Great Powers and Globalizing China, 1854-1949


About the Project

The most pressing geopolitical issue of our time is clear: how can China fit into a global ‘rules-based order’? This question is not new. What is new is that this time China will play the decisive role in answering it, from a position of strength. But how it does so will be heavily influenced by the baggage of history it set on its shoulders – because the last time the question arose, China found itself in a position of weakness. From 1839 to 1949, China was the object of efforts by foreign Great Powers to answer that question. Foreign hard power penetrated deeply into first Qing and then Republican China, globalizing it by coercion.

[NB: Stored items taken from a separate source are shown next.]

(* Let $G$ be an abelian group and let $(a_n)_{n\in\omega}$ be a $T$-sequence in $G$ such that $\{a_n:n\in\omega\}$ generates $G$. Then the coarse group $(G,\mathcal{C}_{\tau(a_n)})$ is asymorphic to the Cayley graph $\mathrm{Cay}(G,\{a_n:n\in\omega\})$ endowed with its path metric.
   Context: A sequence $(a_n)$ in an abelian group $G$ is a $T$-sequence if there is a Hausdorff group topology on $G$ in which $(a_n)\to 0$; $\tau(a_n)$ is the strongest group topology on $G$ in which $(a_n)\to0$, and $\mathcal{C}_{\tau(a_n)}$ is the family of precompact subsets of $(G,\tau(a_n))$. A coarse structure on a set $X$ is a family $\mathcal{E}$ of subsets of $X\times X$, each containing the diagonal, closed under composition, inversion, taking subsets containing the diagonal, and such that every pair $(x,y)$ lies in some member. For $E\in\mathcal{E}$, $E[x]=\{y:(x,y)\in E\}$. A group ideal $\mathcal{I}$ on $G$ (a family of subsets containing all finite sets, closed under subsets and under $(A,B)\mapsto A-B$) defines the coarse structure on $G$ with base $\{\{(x,y):x\in A+y\}:A\in\mathcal{I}\}$; $(G,\mathcal{I})$ denotes $G$ with this coarse structure. A metric space is regarded as a coarse space with base of entourages $\{(x,y):d(x,y)\le r\}$, $r\ge0$. For $S\subseteq G$, $\mathrm{Cay}(G,S)$ is the graph with vertex set $G$ and edges $\{(x,y): x-y\in S\cup(-S)\}$. A map $f$ between coarse spaces $(X,\mathcal{E})$, $(X',\mathcal{E}')$ is macro-uniform if for every $E\in\mathcal{E}$ there is $E'\in\mathcal{E}'$ with $f(E[x])\subseteq E'[f(x)]$ for all $x$; an asymorphism is a bijection $f$ with $f$ and $f^{-1}$ macro-uniform. *)

theory Defs
  imports "HOL-Analysis.Analysis"
begin

definition group_topology :: "'a::ab_group_add topology \<Rightarrow> bool" where
  "group_topology T \<longleftrightarrow> topspace T = UNIV
     \<and> continuous_map (prod_topology T T) T (\<lambda>(x, y). x + y)
     \<and> continuous_map T T uminus"

definition T_sequence :: "(nat \<Rightarrow> 'a::ab_group_add) \<Rightarrow> bool" where
  "T_sequence a \<longleftrightarrow> (\<exists>T. group_topology T \<and> Hausdorff_space T \<and> limitin T a 0 sequentially)"

definition tau_seq :: "(nat \<Rightarrow> 'a::ab_group_add) \<Rightarrow> 'a topology" where
  "tau_seq a = (THE T. group_topology T \<and> limitin T a 0 sequentially
      \<and> (\<forall>T'. group_topology T' \<and> limitin T' a 0 sequentially \<longrightarrow>
              (\<forall>U. openin T' U \<longrightarrow> openin T U)))"

definition precompact_in :: "'a::ab_group_add topology \<Rightarrow> 'a set \<Rightarrow> bool" where
  "precompact_in T A \<longleftrightarrow> (\<forall>U. openin T U \<and> 0 \<in> U \<longrightarrow>
      (\<exists>F. finite F \<and> A \<subseteq> {f + u | f u. f \<in> F \<and> u \<in> U}))"

definition precompacts :: "'a::ab_group_add topology \<Rightarrow> 'a set set" where
  "precompacts T = {A. precompact_in T A}"

definition ideal_coarse :: "'a::ab_group_add set set \<Rightarrow> ('a \<times> 'a) set set" where
  "ideal_coarse I = {E. Id \<subseteq> E \<and> (\<exists>A\<in>I. E \<subseteq> {(x, y). x \<in> (\<lambda>z. z + y) ` A})}"

definition cay_edge :: "'a::ab_group_add set \<Rightarrow> 'a \<Rightarrow> 'a \<Rightarrow> bool" where
  "cay_edge S x y \<longleftrightarrow> x - y \<in> S \<union> uminus ` S"

definition cay_dist :: "'a::ab_group_add set \<Rightarrow> 'a \<Rightarrow> 'a \<Rightarrow> nat" where
  "cay_dist S x y = (LEAST n. \<exists>p. length p = Suc n \<and> hd p = x \<and> last p = y
       \<and> (\<forall>i<n. cay_edge S (p ! i) (p ! Suc i)))"

definition metric_coarse :: "('a \<Rightarrow> 'a \<Rightarrow> real) \<Rightarrow> ('a \<times> 'a) set set" where
  "metric_coarse d = {E. Id \<subseteq> E \<and> (\<exists>r\<ge>0. E \<subseteq> {(x, y). d x y \<le> r})}"

definition macro_uniform :: "('a \<times> 'a) set set \<Rightarrow> ('b \<times> 'b) set set \<Rightarrow> ('a \<Rightarrow> 'b) \<Rightarrow> bool" where
  "macro_uniform \<E> \<E>' f \<longleftrightarrow> (\<forall>E\<in>\<E>. \<exists>E'\<in>\<E>'. \<forall>x. f ` (E `` {x}) \<subseteq> E' `` {f x})"

definition asymorphism :: "('a \<times> 'a) set set \<Rightarrow> ('b \<times> 'b) set set \<Rightarrow> ('a \<Rightarrow> 'b) \<Rightarrow> bool" where
  "asymorphism \<E> \<E>' f \<longleftrightarrow> bij f \<and> macro_uniform \<E> \<E>' f \<and> macro_uniform \<E>' \<E> (inv f)"

definition asymorphic :: "('a \<times> 'a) set set \<Rightarrow> ('b \<times> 'b) set set \<Rightarrow> bool" where
  "asymorphic \<E> \<E>' \<longleftrightarrow> (\<exists>f. asymorphism \<E> \<E>' f)"

definition add_subgroup :: "'a::ab_group_add set \<Rightarrow> bool" where
  "add_subgroup H \<longleftrightarrow> 0 \<in> H \<and> (\<forall>x\<in>H. \<forall>y\<in>H. x - y \<in> H)"

definition gen_subgroup :: "'a::ab_group_add set \<Rightarrow> 'a set" where
  "gen_subgroup S = \<Inter>{H. add_subgroup H \<and> S \<subseteq> H}"

end

theory Submission
  imports Defs "HOL-Library.Set_Algebras"
begin

text \<open>
  By Protasov and Zelenyuk, the sets \<open>U(n) = \<Union>k. A(n 0) + \<dots> + A(n (k - 1))\<close> (\<open>seq_nbhd a n\<close>),
  where \<open>A m = {0} \<union> {\<plusminus>a i | i \<ge> m}\<close> (\<open>sym_tail a m\<close>) and \<open>n\<close> ranges over all functions
  \<open>\<nat> \<Rightarrow> \<nat>\<close>, form a neighbourhood base at \<open>0\<close> of \<open>\<tau>(a\<^sub>n)\<close>. The ball of radius \<open>k\<close> about \<open>0\<close> in the
  Cayley graph is \<open>A 0 + \<dots> + A 0\<close> with \<open>k\<close> summands (\<open>word_ball a k\<close>), so both coarse structures are generated by translation
  invariant entourages and it suffices to show that a set is precompact iff it lies in a ball.
  A ball is covered by finitely many translates of \<open>A(n 0) + \<dots> + A(n (k - 1))\<close>, because each
  \<open>A 0\<close> differs from \<open>A m\<close> by finitely many elements. Conversely, if a precompact set \<open>A\<close> meets
  the complement of every ball, pick \<open>x\<^sub>k \<in> A\<close> outside the ball of radius \<open>2k\<close>. That ball is
  compact in a Hausdorff group topology in which \<open>a\<^sub>n \<rightarrow> 0\<close>, hence closed, which yields \<open>U(N k)\<close>
  with \<open>x\<^sub>k \<notin> ball(2k) + U(N k)\<close>; a diagonal \<open>n\<close> dominating all shifted \<open>N k\<close> then gives
  \<open>x\<^sub>k \<notin> ball(k) + U(n)\<close> for every \<open>k\<close>, contradicting \<open>A \<subseteq> F + U(n)\<close> with \<open>F\<close> finite.
\<close>

section \<open>Tail sums of a sequence\<close>

definition sym_tail :: "(nat \<Rightarrow> 'a::ab_group_add) \<Rightarrow> nat \<Rightarrow> 'a set" where
  "sym_tail a m = insert 0 (a ` {m..} \<union> uminus ` a ` {m..})"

Notably, however, this rarely involved using much military power to do so, or even investing a significant share of overall resources. And quite often, China did not even rate highly as a priority in their own grander scheme of things. But they kept going, such that by 1919 China was deeply entangled within larger projects to build both a regional and global order. By the 1930s its connections to these projects came to be seen as a crucial problem to solve in reordering the world. What the Great Powers always saw as a possible problem had now become a pressing one: they might get into a major war with each other over how to globalize China. That focuses the principal question this research project will address: why were Great Power efforts to globalize imperial and republican China so volatile – and to what ends? To address that question, this project aims to make it necessary for the existing silos of research to engage each other. Studies in Great Power global foreign and defence policies, international relations, and global ordering need deeper grounding in how their metropolitan governments engaged with the Sinic region – including with their own agents located therein – and to what ends. The purpose of this project is to drive those conversations, especially to reconceptualize our global understanding of the role Great Powers, and their agents, played in the Chinese ‘century of humiliation’. China is not the subject of this project. Art imitates life: it is, once, again, the object. Our subject is how the Great Powers tried to build the global order that the PRC now seeks to redesign, and to fit China into it. Our contribution will be to clarify, and reposition, our understanding of their efforts, agency, and impact.